__THE PROBLEM__: All lines holding the word "shows" are to be copied from the records beneath.

Collected data entries:
----

lemma prob_SIR_ge_uniform:
  assumes "2 < \<beta>" "0 < \<epsilon>"
  shows "\<exists>c\<^sub>0>0. \<forall>c. 0 < c \<and> c < c\<^sub>0 \<longrightarrow>
    (\<forall>lam>0. 1 - \<epsilon> \<le> measure M {\<omega> \<in> space M. ennreal (c / lam powr \<beta>) \<le> SIR \<beta> x F lam \<omega>})"
proof -
  obtain \<delta> where "0 < \<delta>"
    and small_mark: "\<And>lam. 0 < lam \<Longrightarrow> measure M {\<omega> \<in> space M. F lam 0 \<omega> \<le> \<delta>} < \<epsilon> / 3"
    using ex_prob_mark_le_less[of "\<epsilon> / 3"] assms by auto
  define r where "r = sqrt (\<epsilon> / (3 * pi))"
  have "0 < r" "pi * r\<^sup>2 = \<epsilon> / 3"
    unfolding r_def using assms by auto
  define K where "K = (\<Sum>k. dyadic_mass \<beta> r k) * enn2real (\<integral>\<^sup>+p. ennreal p \<partial>Fd)"
  have "0 \<le> K"
    unfolding K_def using assms \<open>0 < r\<close>
    by (simp add: suminf_nonneg summable_dyadic_mass dyadic_mass_nonneg)
  define c\<^sub>0 where "c\<^sub>0 = \<delta> * \<epsilon> / (3 * (K + 1))"
  have c_small: "c / \<delta> * K \<le> \<epsilon> / 3" if "0 < c" "c < c\<^sub>0" for c
  proof -
    have "c * K \<le> c\<^sub>0 * (K + 1)"
      using that \<open>0 \<le> K\<close> by (intro mult_mono) auto
    also have "\<dots> = \<delta> * (\<epsilon> / 3)"
      unfolding c\<^sub>0_def using \<open>0 \<le> K\<close> by (simp add: field_simps)
    finally show ?thesis
      using \<open>0 < \<delta>\<close> by (simp add: field_simps)
  qed
  have "1 - \<epsilon> \<le> measure M {\<omega> \<in> space M. ennreal (c / lam powr \<beta>) \<le> SIR \<beta> x F lam \<omega>}"
    if "0 < c" "c < c\<^sub>0" "0 < lam" for c lam
  proof -
    have "1 - \<epsilon> \<le> 1 - measure M {\<omega> \<in> space M. F lam 0 \<omega> \<le> \<delta>} - pi * r\<^sup>2 - c / \<delta> * K"
      using small_mark[OF that(3)] \<open>pi * r\<^sup>2 = \<epsilon> / 3\<close> c_small[OF that(1,2)] by linarith
    also have "\<dots> \<le> measure M {\<omega> \<in> space M. ennreal (c / lam powr \<beta>) \<le> SIR \<beta> x F lam \<omega>}"
      using prob_SIR_ge_lower_bound[OF assms(1) that(3) \<open>0 < r\<close> that(1) \<open>0 < \<delta>\<close>]
      unfolding K_def mult.assoc .
    finally show ?thesis .
  qed
  moreover have "0 < c\<^sub>0"
    unfolding c\<^sub>0_def using \<open>0 < \<delta>\<close> \<open>0 \<le> K\<close> assms by simp
  ultimately show ?thesis
    by blast
qed

end

theorem theorem3:
  fixes M :: "'w measure"
    and x :: "nat \<Rightarrow> 'w \<Rightarrow> real \<times> real"
    and F :: "real \<Rightarrow> nat \<Rightarrow> 'w \<Rightarrow> real"
    and Fd :: "real measure"
    and \<beta> :: real
  assumes beta: "\<beta> > 2"
    and ppp: "poisson_pp M x"
    and Fd_prob: "prob_space Fd" and Fd_sets: "sets Fd = sets borel"
    and Fd_pos: "AE p in Fd. p > 0"
    and Fd_mean: "(\<integral>\<^sup>+ p. ennreal p \<partial>Fd) < \<infinity>"
    and F_rv: "\<And>lam i. lam > 0 \<Longrightarrow> F lam i \<in> borel_measurable M"
    and F_distr: "\<And>lam i. lam > 0 \<Longrightarrow> distr M borel (F lam i) = Fd"
    and F_indep: "\<And>lam. lam > 0 \<Longrightarrow> prob_space.indep_vars M (\<lambda>_. borel) (F lam) UNIV"
    and F_indep_Phi: "\<And>lam. lam > 0 \<Longrightarrow>
          indep_rv2 M
            (Pi\<^sub>M UNIV (\<lambda>_. borel)) (\<lambda>\<omega> i. x i \<omega>)
            (Pi\<^sub>M UNIV (\<lambda>_. borel)) (\<lambda>\<omega> i. F lam i \<omega>)"
  shows "Liminf (at_right 0) (\<lambda>c. Liminf at_top (\<lambda>lam.
           ereal (measure M {\<omega> \<in> space M.
              SIR \<beta> x F lam \<omega> \<ge> ennreal (c / lam powr \<beta>)}))) = 1"
proof -
  interpret marked_poisson_pp M x F Fd
    using ppp Fd_prob Fd_sets Fd_pos Fd_mean F_rv F_distr F_indep_Phi by (rule marked_poisson_pp.intro)
  show ?thesis
  proof (rule Liminf_at_right_Liminf_eq_1)
    fix \<epsilon> :: real
    assume "0 < \<epsilon>"
    then obtain c\<^sub>0 where "0 < c\<^sub>0" and bound: "\<forall>c. 0 < c \<and> c < c\<^sub>0 \<longrightarrow>
        (\<forall>lam>0. 1 - \<epsilon> \<le> measure M {\<omega> \<in> space M. ennreal (c / lam powr \<beta>) \<le> SIR \<beta> x F lam \<omega>})"
      using prob_SIR_ge_uniform[OF beta \<open>0 < \<epsilon>\<close>] by blast
    show "\<exists>c\<^sub>0>0. \<forall>c. 0 < c \<and> c < c\<^sub>0 \<longrightarrow> (\<forall>\<^sub>F lam in at_top.
        1 - \<epsilon> \<le> measure M {\<omega> \<in> space M. ennreal (c / lam powr \<beta>) \<le> SIR \<beta> x F lam \<omega>})"
    proof (intro exI[of _ c\<^sub>0] conjI allI impI)
      fix c :: real
      assume "0 < c \<and> c < c\<^sub>0"
      then have "1 - \<epsilon> \<le> measure M {\<omega> \<in> space M. ennreal (c / lam powr \<beta>) \<le> SIR \<beta> x F lam \<omega>}"
        if "0 < lam" for lam
        using bound that by blast
      then show "\<forall>\<^sub>F lam in at_top.
          1 - \<epsilon> \<le> measure M {\<omega> \<in> space M. ennreal (c / lam powr \<beta>) \<le> SIR \<beta> x F lam \<omega>}"
        by (rule eventually_mono[OF eventually_gt_at_top[of 0]])
    qed fact
  qed (simp_all add: prob_le_1)
qed

end
(* Let $G=(V,E)$ be a finite, simple, connected graph which is Lichnerowicz sharp and distance regular. Then $G$ is effective Bonnet Myers sharp, i.e. with $K:=\min_{x\sim y}\kappa(x,y)$ one has $\operatorname{diam}_{\operatorname{eff}}(G)=\frac{\max_v\operatorname{Deg}(v)}{K}$.
   Context: $d$ is the combinatorial distance, $\operatorname{Deg}$ the degree, $\operatorname{diam}_{\operatorname{eff}}(G)=\frac{1}{|V|^2}\sum_{x,y}d(x,y)$. Laplacian $\Delta f(x)=\sum_{y\sim x}(f(y)-f(x))$. Ollivier curvature: $\kappa(x,y)=\inf\{\Delta f(x)-\Delta f(y): f(y)-f(x)=1,\ \max_{u\sim v}|f(u)-f(v)|=1\}$. Lichnerowicz sharp: the smallest positive eigenvalue $\lambda$ of $-\Delta$ equals $\min_{x\sim y}\kappa(x,y)$. Distance regular: there are numbers $b_n,c_n$ such that for every $x$ and every $z$ with $d(x,z)=n$, $z$ has $b_n$ neighbors at distance $n+1$ and $c_n$ neighbors at distance $n-1$ from $x$. *)

theory Defs
  imports Complex_Main
begin

definition simple_graph :: "'a set \<Rightarrow> ('a \<Rightarrow> 'a \<Rightarrow> bool) \<Rightarrow> bool" where
  "simple_graph V E \<longleftrightarrow> finite V \<and> (\<forall>u v. E u v \<longrightarrow> u \<in> V \<and> v \<in> V)
     \<and> (\<forall>u v. E u v \<longrightarrow> E v u) \<and> (\<forall>u. \<not> E u u)"

definition is_walk :: "'a set \<Rightarrow> ('a \<Rightarrow> 'a \<Rightarrow> bool) \<Rightarrow> (nat \<Rightarrow> 'a) \<Rightarrow> nat \<Rightarrow> 'a \<Rightarrow> 'a \<Rightarrow> bool" where
  "is_walk V E p n x y \<longleftrightarrow> p 0 = x \<and> p n = y \<and> (\<forall>i\<le>n. p i \<in> V) \<and> (\<forall>i<n. E (p i) (p (Suc i)))"
(* Let $X$ be a finite set. \begin{enumerate} \item Let $(p_B)_{B\subseteq X}$ be nonnegative reals summing to $1$, let $\tilde p_B=(p_B+p_{X\setminus B})/2$, and for $A\subseteq X$ let $s_A=\sum_{B\in\mathcal{S}_A}p_B$ where $\mathcal{S}_A=\{B\subseteq X: A\cap B\neq\emptyset,\ A\cap(X\setminus B)\neq\emptyset\}$. For $A\subseteq X$ define $\gamma_A=\sum_{B\subseteq X:\,|A\cap B|\text{ odd}}\tilde p_B$ if $|A|$ is even and $\gamma_A=0$ if $|A|$ is odd. Then for all $A,B\subseteq X$, \[ \gamma_A=\sum_{C\subseteq A}(-2)^{|C|-2}s_C,\qquad s_B=\frac{1}{2^{|B|-2}}\sum_{C\subseteq B}\gamma_C . \] \item Let $T$ be a phylogenetic tree with leaf set $X$ and nonnegative branch lengths. For $B\subseteq X$ let $\tilde w_B=w_{B|X\setminus B}/2$, where $w_{B|X\setminus B}$ is the length of the edge of $T$ whose deletion splits the leaves into $B$ and $X\setminus B$ if such an edge exists, and $0$ otherwise. Let $\delta_A$ be the sum of branch lengths of the smallest subtree of $T$ connecting $A$ ($\delta_A=0$ if $|A|\le 1$). For $A\subseteq X$ define $\mu_A=\sum_{B\subseteq X:\,|A\cap B|\text{ odd}}\tilde w_B$ if $|A|$ is even and $\mu_A=0$ if $|A|$ is odd. Then for all $A,B\subseteq X$, \[ \mu_A=\sum_{C\subseteq A}(-2)^{|C|-2}\delta_C,\qquad \delta_B=\frac{1}{2^{|B|-2}}\sum_{C\subseteq B}\mu_C . \] \end{enumerate}
   Context: $p_B$ is the probability that at a bi-allelic site exactly the taxa in $B$ have state $1$; $s_A$ is the probability that a site is non-constant over $A$. A phylogenetic tree with leaf set $X$ is a tree whose leaves are bijectively labelled by $X$ and whose internal vertices have degree at least $3$. *)

theory Defs
  imports Complex_Main
begin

----

__OUTPUT FOR THIS EXERCISE__:
  shows "\<exists>c\<^sub>0>0. \<forall>c. 0 < c \<and> c < c\<^sub>0 \<longrightarrow>
  shows "Liminf (at_right 0) (\<lambda>c. Liminf at_top (\<lambda>lam.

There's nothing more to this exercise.